Тем не менее, более поздние идеалисты, неблагодарные Локку за их первый принцип, были неблагодарны также Лейбницу за их конечную концепцию, предвосхищенную им во всей ее полноте. Были причины, конечно, для этой неблагодарности. Лейбниц, подобно трансценденталистам, предполагал, что объекты чувств, как опыт открывает их, были порождены из скрытой природы души; но он также полагал, что существует много душ, столько же, сколько атомов в физическом мире, и что образы, возникающие в каждой, были знаками присутствия и фактического состояния ее спутников. Таким образом, восприятие, хотя и дающее непосредственно только идею, как во сне, было косвенно символическим внешней реальности, подобно сну, значимым и способным к интерпретации. И будучи неустрашимым рационалистом, Лейбниц предполагал, что прорицателем, способным прочитать этот сон, является разум, и что все, что разум считал правильным и необходимым, на самом деле должно быть истинным в великом внешнем мире.

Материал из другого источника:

(* Let $A,\mathbf v\in M_2(\mathbb C)$ and assume $\operatorname{spec}(A)\subset\{z\in\mathbb C:|\operatorname{Im} z|<\pi\}$. Then, with $\log$ the principal matrix logarithm, \[\frac{\mathrm d}{\mathrm dt}\log\big(\exp(A)\exp(t\mathbf v)\big)\Big|_{t=0}=\mathbf v+\tfrac12[A,\mathbf v]+\tfrac14\,\mathcal C(D_A)\,[A,[A,\mathbf v]]\] and \[\frac{\mathrm d}{\mathrm dt}\log\big(\exp(t\mathbf v)\exp(A)\big)\Big|_{t=0}=\mathbf v-\tfrac12[A,\mathbf v]+\tfrac14\,\mathcal C(D_A)\,[A,[A,\mathbf v]].\]
   Context: $[X,Y]=XY-YX$. For a $2\times2$ matrix $A$, $D_A=\det A-\frac{(\operatorname{tr}A)^2}{4}$. $\operatorname{Cos}$ and $\operatorname{Sin}$ are the entire functions $\operatorname{Cos}(z)=\sum_{n\ge0}(-1)^n\frac{z^n}{(2n)!}$, $\operatorname{Sin}(z)=\sum_{n\ge0}(-1)^n\frac{z^n}{(2n+1)!}$ (so $\operatorname{Cos}(x)=\cos\sqrt x$, $\operatorname{Sin}(x)=\sin\sqrt x/\sqrt x$ for $x>0$), $\operatorname{Cot}=\operatorname{Cos}/\operatorname{Sin}$, and $\mathcal C(z)=\frac{1-\operatorname{Cot}(z)}{z}$, a meromorphic function holomorphic except at $z=k^2\pi^2$, $k\ge1$ integer, with $\mathcal C(0)=1/3$. *)

theory Defs
  imports "HOL-Analysis.Analysis"
begin

type_synonym cmat2 = "complex^2^2"

primrec mpow :: "cmat2 \<Rightarrow> nat \<Rightarrow> cmat2" where
  "mpow A 0 = mat 1"
| "mpow A (Suc n) = A ** mpow A n"

definition mexp :: "cmat2 \<Rightarrow> cmat2" where
  "mexp A = (\<Sum>n. (1 / fact n) *\<^sub>R mpow A n)"

definition spec :: "cmat2 \<Rightarrow> complex set" where
  "spec A = {z. det (A - mat z) = 0}"

definition mlog :: "cmat2 \<Rightarrow> cmat2" where
  "mlog M = (THE X. mexp X = M \<and> (\<forall>z\<in>spec X. \<bar>Im z\<bar> < pi))"

definition comm :: "cmat2 \<Rightarrow> cmat2 \<Rightarrow> cmat2" where
  "comm X Y = X ** Y - Y ** X"

definition csmul :: "complex \<Rightarrow> cmat2 \<Rightarrow> cmat2" where
  "csmul c M = (\<chi> i j. c * M $ i $ j)"

definition DA :: "cmat2 \<Rightarrow> complex" where
  "DA A = det A - (trace A)^2 / 4"

definition Cos :: "complex \<Rightarrow> complex" where
  "Cos z = (\<Sum>n. (-1)^n * z^n / of_nat (fact (2*n)))"

definition Sin :: "complex \<Rightarrow> complex" where
  "Sin z = (\<Sum>n. (-1)^n * z^n / of_nat (fact (2*n+1)))"

definition Cot :: "complex \<Rightarrow> complex" where
  "Cot z = Cos z / Sin z"

definition Ccal :: "complex \<Rightarrow> complex" where
  "Ccal z = (if z = 0 then 1/3 else (1 - Cot z) / z)"

end

theory Submission
  imports Defs
begin

text \<open>Write \<open>X = \<tau> + N\<close> with \<open>\<tau> = tr X / 2\<close> and \<open>N\<close> traceless. Since \<open>N\<^sup>2 = - D\<^sub>X\<close>, all power
  series in \<open>X\<close> lie in the commutative algebra \<open>\<complex>[N]/(N\<^sup>2 + D\<^sub>X)\<close>; in particular
  \<open>exp X = e\<^sup>\<tau> (Cos D\<^sub>X + Sin D\<^sub>X \<cdot> N)\<close>. On the open set of matrices with spectrum in the strip
  \<open>|Im z| < \<pi>\<close>, \<open>exp\<close> is injective and \<open>Sin D\<^sub>X \<noteq> 0\<close>, so by the inverse function theorem the derivative
  of \<open>log\<close> at \<open>exp A\<close> inverts \<open>exp'(A)\<close>. The two formulas then amount to
  \<open>exp'(A)(v + [A,v]/2 + \<C>(D\<^sub>A)/4 [A,[A,v]]) = exp A \<cdot> v\<close> and its mirror image, polynomial identities
  in the entries once \<open>Cos = Sin \<cdot> (1 - \<C> z)\<close> and \<open>Sin' = - Sin \<cdot> \<C> / 2\<close> are used.\<close>

section \<open>The entire functions \<open>Cos\<close> and \<open>Sin\<close>\<close>

definition Cos_coeff :: "nat \<Rightarrow> complex" where
  "Cos_coeff n = (-1)^n / of_nat (fact (2*n))"

definition Sin_coeff :: "nat \<Rightarrow> complex" where
  "Sin_coeff n = (-1)^n / of_nat (fact (2*n+1))"

lemma Cos_eq_powser: "Cos z = (\<Sum>n. Cos_coeff n * z^n)"
  unfolding Cos_def Cos_coeff_def by (simp add: field_simps)

lemma Sin_eq_powser: "Sin z = (\<Sum>n. Sin_coeff n * z^n)"
  unfolding Sin_def Sin_coeff_def by (simp add: field_simps)

lemma summable_powser_dominated_by_exp:
  fixes c :: "nat \<Rightarrow> complex"
  assumes "\<And>n. norm (c n) \<le> inverse (fact n)"
  shows "summable (\<lambda>n. c n * z^n)"
proof (rule summable_comparison_test[OF _ summable_exp[of "norm z"]])
  show "\<exists>N. \<forall>n\<ge>N. norm (c n * z^n) \<le> inverse (fact n) * norm z ^ n"
    using assms by (auto simp: norm_mult norm_power intro!: mult_right_mono)
qed

lemma norm_Cos_coeff: "norm (Cos_coeff n) = inverse (fact (2*n))"
  by (simp add: Cos_coeff_def norm_mult norm_inverse norm_power divide_inverse del: fact_Suc)

lemma norm_Sin_coeff: "norm (Sin_coeff n) = inverse (fact (2*n+1))"
  by (simp add: Sin_coeff_def norm_mult norm_inverse norm_power divide_inverse del: fact_Suc)

lemma summable_Cos_powser: "summable (\<lambda>n. Cos_coeff n * z^n)"
  by (rule summable_powser_dominated_by_exp)
     (unfold norm_Cos_coeff, intro le_imp_inverse_le fact_mono, auto)

lemma summable_Sin_powser: "summable (\<lambda>n. Sin_coeff n * z^n)"
  by (rule summable_powser_dominated_by_exp)
     (unfold norm_Sin_coeff, intro le_imp_inverse_le fact_mono, auto)

lemma Cos_sums: "(\<lambda>n. Cos_coeff n * z^n) sums Cos z"
  unfolding Cos_eq_powser by (rule summable_sums[OF summable_Cos_powser])

lemma Sin_sums: "(\<lambda>n. Sin_coeff n * z^n) sums Sin z"
  unfolding Sin_eq_powser by (rule summable_sums[OF summable_Sin_powser])

lemma Cos_0 [simp]: "Cos 0 = 1"
  unfolding Cos_eq_powser powser_zero by (simp add: Cos_coeff_def)

lemma Sin_0 [simp]: "Sin 0 = 1"
  unfolding Sin_eq_powser powser_zero by (simp add: Sin_coeff_def)

lemma diffs_Cos_coeff: "diffs Cos_coeff n = - Sin_coeff n / 2"
proof -
  define F :: complex where "F = fact (2*n+1)"
  have F: "F \<noteq> 0"
    unfolding F_def by (rule fact_nonzero)
  have fact_eq: "(fact (2 * Suc n) :: complex) = 2 * of_nat (Suc n) * F"
    by (simp add: F_def algebra_simps)
  have "(of_nat (Suc n) :: complex) \<noteq> 0"
    by (metis of_nat_eq_0_iff Suc_neq_Zero)
  with F show ?thesis
    unfolding diffs_def Cos_coeff_def Sin_coeff_def of_nat_fact fact_eq F_def[symmetric]
    by (simp add: field_simps del: of_nat_Suc)
qed

lemma Cos_coeff_minus_Sin_coeff: "Cos_coeff n - Sin_coeff n = 2 * of_nat n * Sin_coeff n"
proof -
  define F :: complex where "F = fact (2*n)"
  have F: "F \<noteq> 0"
    unfolding F_def by (rule fact_nonzero)
  have fact_eq: "(fact (2*n+1) :: complex) = (2 * of_nat n + 1) * F"
    by (simp add: F_def algebra_simps)
  define k :: complex where "k = 2 * of_nat n + 1"
  have "k = of_nat (Suc (2*n))"
    by (simp add: k_def)
  then have k: "k \<noteq> 0"
    by (metis of_nat_eq_0_iff Suc_neq_Zero)
  have "Cos_coeff n - Sin_coeff n = (-1)^n / F - (-1)^n / (k * F)"
    unfolding Cos_coeff_def Sin_coeff_def of_nat_fact fact_eq k_def[symmetric] F_def[symmetric] ..
  also have "\<dots> = (k - 1) * ((-1)^n / (k * F))"
    using F k by (simp add: field_simps)
  also have "\<dots> = 2 * of_nat n * Sin_coeff n"
    unfolding Sin_coeff_def of_nat_fact fact_eq k_def[symmetric] F_def[symmetric] by (simp add: k_def)
  finally show ?thesis .
qed

lemma has_field_derivative_Cos: "(Cos has_field_derivative - Sin z / 2) (at z)"
proof -
  have "(\<lambda>n. diffs Cos_coeff n * z^n) sums (- Sin z / 2)"
    using sums_divide[OF sums_minus[OF Sin_sums[of z]], of 2] by (simp add: diffs_Cos_coeff)
  then have "- Sin z / 2 = (\<Sum>n. diffs Cos_coeff n * z^n)"
    by (rule sums_unique)
  with termdiffs_strong_converges_everywhere[OF summable_Cos_powser] show ?thesis
    unfolding Cos_eq_powser[abs_def] by simp
qed

lemma Sin_powser_deriv: "2 * z * (\<Sum>n. diffs Sin_coeff n * z^n) = Cos z - Sin z"
proof -
  define d where "d = (\<Sum>n. diffs Sin_coeff n * z^n)"
  define f where "f m = of_nat m * Sin_coeff m * z^m" for m
  have "(\<lambda>n. diffs Sin_coeff n * z^n) sums d"
    unfolding d_def by (rule summable_sums[OF termdiff_converges_all[OF summable_Sin_powser]])
  then have "(\<lambda>n. z * (diffs Sin_coeff n * z^n)) sums (z * d)"
    by (rule sums_mult)
  moreover have "z * (diffs Sin_coeff n * z^n) = f (Suc n)" for n
    unfolding f_def diffs_def by (simp add: algebra_simps)
  ultimately have "(\<lambda>n. f (Suc n)) sums (z * d)"
    by simp
  then have "f sums (z * d + f 0)"
    by (simp only: sums_Suc_iff)
  then have "f sums (z * d)"
    by (simp add: f_def)
  then have "(\<lambda>n. 2 * f n) sums (2 * (z * d))"
    by (rule sums_mult)
  moreover have "2 * f n = Cos_coeff n * z^n - Sin_coeff n * z^n" for n
    unfolding f_def using Cos_coeff_minus_Sin_coeff[of n] by (simp add: algebra_simps)
  ultimately have "(\<lambda>n. Cos_coeff n * z^n - Sin_coeff n * z^n) sums (2 * (z * d))"
    by simp
  with sums_diff[OF Cos_sums Sin_sums] have "Cos z - Sin z = 2 * (z * d)"
    by (rule sums_unique2)
  then show ?thesis
    unfolding d_def[symmetric] by (simp add: mult.assoc)
qed

lemma Cos_eq_Sin_Ccal:
  assumes "Sin z \<noteq> 0"
  shows "Cos z = Sin z * (1 - Ccal z * z)"
  using assms by (cases "z = 0") (simp_all add: Ccal_def Cot_def field_simps)

lemma has_field_derivative_Sin:
  assumes "Sin z \<noteq> 0"
  shows "(Sin has_field_derivative - Sin z * Ccal z / 2) (at z)"
proof -
  define d where "d = (\<Sum>n. diffs Sin_coeff n * z^n)"
  have "(Sin has_field_derivative d) (at z)"
    unfolding Sin_eq_powser[abs_def] d_def
    by (rule termdiffs_strong_converges_everywhere[OF summable_Sin_powser])
  moreover have "d = - Sin z * Ccal z / 2"
  proof (cases "z = 0")
    case True
    have "(fact 3 :: complex) = 6"
      by (simp add: numeral_3_eq_3)
    then show ?thesis
      unfolding d_def True powser_zero by (simp add: diffs_def Sin_coeff_def Ccal_def)
  next
    case False
    then have "d = (Cos z - Sin z) / (2 * z)"
      using Sin_powser_deriv[of z, folded d_def] by (simp add: field_simps)
    also have "\<dots> = - Sin z * Ccal z / 2"
      using False assms by (simp add: Ccal_def Cot_def field_simps)
    finally show ?thesis .
  qed
  ultimately show ?thesis by simp
qed

lemma Cos_square: "Cos (w^2) = cos w"
proof -
  have "(\<lambda>n. cos_coeff n *\<^sub>R w^n) sums cos w"
    by (rule cos_converges)
  moreover have "strict_mono (\<lambda>n::nat. 2*n)"
    by (rule strict_monoI) simp
  moreover have "\<And>n. n \<notin> range (\<lambda>n::nat. 2*n) \<Longrightarrow> cos_coeff n *\<^sub>R w^n = 0"
    by (auto simp: cos_coeff_def elim!: evenE)
  ultimately have "(\<lambda>n. cos_coeff (2*n) *\<^sub>R w^(2*n)) sums cos w"
    using sums_mono_reindex[of "\<lambda>n::nat. 2*n" "\<lambda>n. cos_coeff n *\<^sub>R w^n"] by simp
  moreover have "cos_coeff (2*n) *\<^sub>R w^(2*n) = Cos_coeff n * (w^2)^n" for n
    by (simp add: cos_coeff_def Cos_coeff_def scaleR_conv_of_real power_mult)
  ultimately have "(\<lambda>n. Cos_coeff n * (w^2)^n) sums cos w"
    by simp
  then show ?thesis
    using Cos_sums sums_unique2 by blast
qed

Именно в этой точке Кант отклонился в свою радикальную субъективизацию знания. Его ум был более открыт, чем ум Лейбница, к влияниям английской психологии, он дольше варился в собственном соку, и он не мог не спрашивать, как, если чувства могли открывать только идеи чувств, разум был когда-либо способен открывать что-либо, кроме идей разума. Те выводы о огромном мире снаружи, которые Лейбниц позволил своим духам делать в их одиночном заключении, были сведены более щепетильным Кантом к каракулям на стенах их тюрьмы. Эти каракули он официально назвал идеями чистого — то есть неподдерживаемого — разума; но в своем частном качестве он мягко продолжал соглашаться с Лейбницем и верить, что они истинны.

Не было никакой аномалии, согласно Канту, в этой ситуации. Идея могла случайно быть образом реальности, но мы никогда не могли знать, что это так. Ибо доказательство должно было быть предоставлено дальнейшей идеей и закончилось бы в ней. Гипотеза и подтверждение были бы одинаково ментальными, поскольку опыт был опытом идей и не мог созерцать ничего, кроме превратностей разума.

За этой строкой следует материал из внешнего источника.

lemma powr_le_split_on_good_event:
  fixes y w g a c C G0 p :: real
  assumes y: "0 \<le> y" "y \<le> C" and w: "0 \<le> w" and g: "0 \<le> g"
    and a: "0 < a" and c: "0 \<le> c" and G0: "0 < G0" and p: "0 \<le> p"
    and good: "g \<le> G0 \<longrightarrow> y \<le> (sqrt w + a) * c"
  shows "y powr p \<le> (2 * c) powr p * (w powr (p / 2) + a powr p) + C powr p / G0 * g"
proof (cases "g \<le> G0")
  case True
  define u where "u = sqrt w"
  have u: "0 \<le> u" "u powr p = w powr (p / 2)"
    using w by (simp_all add: u_def powr_powr flip: powr_half_sqrt)
  have "y \<le> (u + a) * c" using good True by (simp add: u_def)
  also have "\<dots> \<le> 2 * c * max u a"
    using mult_right_mono[of "u + a" "2 * max u a" c] c by (simp add: mult_ac)
  finally have "y powr p \<le> (2 * c * max u a) powr p" using y p by (intro powr_mono2) auto
  also have "\<dots> = (2 * c) powr p * max u a powr p" using c u a by (simp add: powr_mult)
  also have "\<dots> \<le> (2 * c) powr p * (w powr (p / 2) + a powr p)"
    using u by (intro mult_left_mono) (auto simp: max_def)
  finally have "y powr p \<le> (2 * c) powr p * (w powr (p / 2) + a powr p)" .
  moreover have "0 \<le> C powr p / G0 * g" using g G0 by simp
  ultimately show ?thesis by linarith
next
  case False
  have "y powr p \<le> C powr p" using y p by (intro powr_mono2) auto
  also have "\<dots> \<le> C powr p * (g / G0)" using False G0 mult_left_mono[of 1 "g / G0" "C powr p"] by simp
  finally have "y powr p \<le> C powr p / G0 * g" by simp
  moreover have "0 \<le> (2 * c) powr p * (w powr (p / 2) + a powr p)" by simp
  ultimately show ?thesis by linarith
qed

lemma moment_bound_of_good_event:
  fixes Y W G :: "'a \<Rightarrow> real"
  assumes "prob_space M" and meas: "Y \<in> borel_measurable M" "W \<in> borel_measurable M"
    and a: "0 < a" and p: "1 \<le> p" and c: "0 \<le> c" and G0: "0 < G0"
    and Y: "AE x in M. 0 \<le> Y x \<and> Y x \<le> C" and W: "AE x in M. 0 \<le> W x \<and> W x \<le> Wmax"
    and G: "integrable M G" "AE x in M. 0 \<le> G x" "C powr p * (\<integral>x. G x \<partial>M) \<le> a powr p * G0"
    and good: "AE x in M. G x \<le> G0 \<longrightarrow> Y x \<le> (sqrt (W x) + a) * c"
  shows "(\<integral>x. Y x powr p \<partial>M) powr (1 / p)
    \<le> (2 * c + 1) * ((\<integral>x. W x powr (p / 2) \<partial>M) powr (1 / p) + a)"
proof -
  interpret prob_space M by fact
  have "AE x in M. norm (Y x powr p) \<le> C powr p"
    using Y by eventually_elim (use p in \<open>auto intro: powr_mono2\<close>)
  then have Y_int: "integrable M (\<lambda>x. Y x powr p)"
    using meas(1) by (intro integrable_const_bound) auto
  have "AE x in M. norm (W x powr (p / 2)) \<le> Wmax powr (p / 2)"
    using W by eventually_elim (use p in \<open>auto intro: powr_mono2\<close>)
  then have W_int: "integrable M (\<lambda>x. W x powr (p / 2))"
    using meas(2) by (intro integrable_const_bound) auto
  define IW where "IW = (\<integral>x. W x powr (p / 2) \<partial>M)"
  define w where "w = IW powr (1 / p)"
  have IW: "0 \<le> IW" "w powr p = IW" using p by (simp_all add: IW_def w_def powr_powr)
  have "AE x in M. Y x powr p \<le> (2 * c) powr p * (W x powr (p / 2) + a powr p) + C powr p / G0 * G x"
    using Y W G(2) good
    by eventually_elim (rule powr_le_split_on_good_event, use a c G0 p in auto)
  then have "(\<integral>x. Y x powr p \<partial>M)
      \<le> (\<integral>x. (2 * c) powr p * (W x powr (p / 2) + a powr p) + C powr p / G0 * G x \<partial>M)"
    using Y_int W_int G(1) by (intro integral_mono_AE) auto
  also have "\<dots> = (2 * c) powr p * (IW + a powr p) + C powr p / G0 * (\<integral>x. G x \<partial>M)"
    using W_int G(1) by (simp add: IW_def prob_space)
  also have "\<dots> \<le> (2 * c) powr p * (IW + a powr p) + a powr p"
    using G(3) G0 by (simp add: field_simps)
  also have "\<dots> \<le> ((2 * c) powr p + 1) * (IW + a powr p)"
    using IW by (simp add: algebra_simps)
  also have "\<dots> \<le> (2 * c + 1) powr p * (w + a) powr p"
    using add_powr_le_powr_add[of "2 * c" 1 p] add_powr_le_powr_add[of w a p] IW a c p
    by (intro mult_mono) (simp_all add: w_def)
  also have "\<dots> = ((2 * c + 1) * (w + a)) powr p" using a c by (simp add: w_def powr_mult)
  finally have "(\<integral>x. Y x powr p \<partial>M) powr (1 / p) \<le> (((2 * c + 1) * (w + a)) powr p) powr (1 / p)"
    using p by (intro powr_mono2) (auto intro: integral_nonneg_AE)
  also have "\<dots> = (2 * c + 1) * (w + a)" using a c p by (simp add: w_def powr_powr)
  finally show ?thesis by (simp add: w_def IW_def)
qed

Если бы вы спросили Лейбница, что определяло порядок, в котором восприятия приходили в любой ум, он, несомненно, ответил бы, что Творец сделал это, или (переводя этот символ в его аналитический эквивалент в его системе), что это сделала врожденная судьба или предрасположенность этого ума развиваться в гармонии с наилучшей возможной вселенной. Здесь находится очень примечательный бессознательный принцип эволюции, сидящий в духе и председательствующий над всем его опытом. Это именно то, что подразумевается под трансцендентальным принципом.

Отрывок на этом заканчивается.